Hans and Amara made their way every day to the Hotel Béke, he to search for the bald man who had offered them permits for Austria, she to try to dictate ‘live’ articles to Italy. But the bald man could not be found and the telephone lines only worked in fits and starts. Even so Amara did manage to dictate two long articles, if with the interruptions it must have taken her three hours. All the same she was late and the paper had already had the news from international agencies.

They had opened Tadeusz’s will; he had left two thousand forints to his son Hans, and to Ferenc his furniture, books and maps and a valuable drawing by Munch that he had himself inherited from his father. Hans ran to the Hotel Béke and this time did find the bald Alain who in exchange for two thousand forints gave him three tickets and three permits for Vienna.

So here they are now. Horvath has completely recovered from his pneumonia despite the cold and lack of medicines and the general discomforts of the time. He walks happily through the train chattering to people of all kinds. He is no longer wearing the long darned socks but has reverted to his friar’s sandals and the half-mast trousers that leave uncovered his extremely thin ankles and their network of bluish veins. Only one innovation: he has cut his white hair which was getting in his way. His eyes shine on either side of his long nose. Even Hans seems younger. The death of his father sobered him. But in compensation, the responsibility of looking after the house and the effort of going out in the cold to look for firewood and of touring the whole city on foot, has made him dry and tough. The light-brown lock of hair still falls over his brow,

At this moment he is relaxed, smiling at Amara as if newly recovered from a serious illness. His face is pale but confident. He too is happy to have escaped from the trap of Budapest, to be able once more to face a normal life. After all, it is still not long since the end of the war, and to land in the midst of another war was an almost unbearable surprise.

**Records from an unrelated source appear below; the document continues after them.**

lemma hat_integral_le_gram_margin:
  assumes j: "j \<in> {1..n}"
  shows "0 < integral {tt 1..tt n} (hat n tt \<xi> j)
    \<and> integral {tt 1..tt n} (hat n tt \<xi> j) \<le> 4 * (\<bar>gram n tt \<xi> j j\<bar>
      - ((if j = 1 then 0 else \<bar>gram n tt \<xi> (j - 1) j\<bar>) + (if j = n then 0 else \<bar>gram n tt \<xi> j (Suc j)\<bar>)))"
proof -
  have hi: "0 < piece_mass j" "piece_mass j \<le> 4 * (piece_square j - \<bar>gram n tt \<xi> j (Suc j)\<bar>)"
    if "j < n"
    using piece_bounds(1)[of j] piece_mass_le_gram_margin[of j] j that by auto
  have lo: "0 < piece_mass (j - 1)"
      "piece_mass (j - 1) \<le> 4 * (piece_square (j - 1) - \<bar>gram n tt \<xi> (j - 1) j\<bar>)"
    if "2 \<le> j"
    using piece_bounds(1)[of "j - 1"] piece_mass_le_gram_margin[of "j - 1"] j that by auto
  note hat_integral = integral_unique[OF has_integral_hat[OF j]]
  consider "j < n" "2 \<le> j" | "j = 1" "j < n" | "j = n" "2 \<le> j"
    using j two_le_n by force
  then show ?thesis
    by cases (use hi lo gram_diag[OF j] abs_ge_self[of "gram n tt \<xi> j j"] hat_integral in simp_all)
qed

lemma gram_row_diag_dominant: "row_diag_dominant n (gram n tt \<xi>)"
proof (rule row_diag_dominantI)
  fix j assume "j \<in> {1..n}"
  from hat_integral_le_gram_margin[OF this, unfolded Suc_eq_plus1]
  show "(if j = 1 then 0 else \<bar>gram n tt \<xi> (j - 1) j\<bar>) + (if j = n then 0 else \<bar>gram n tt \<xi> j (j + 1)\<bar>)
      < \<bar>gram n tt \<xi> j j\<bar>"
    by argo
qed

The morning of the day before, the two of them had sat down together at the little table. Hans had taken hold of her hands and asked her what she planned to do. She thought for a bit. Then answered perhaps a little too firmly: ‘I want to go on searching for Emanuele …’

‘All right. Let’s do that. But it’ll be harder to go back to Auschwitz now. They’ve got more strict about the borders. They won’t even let you through as an Italian.’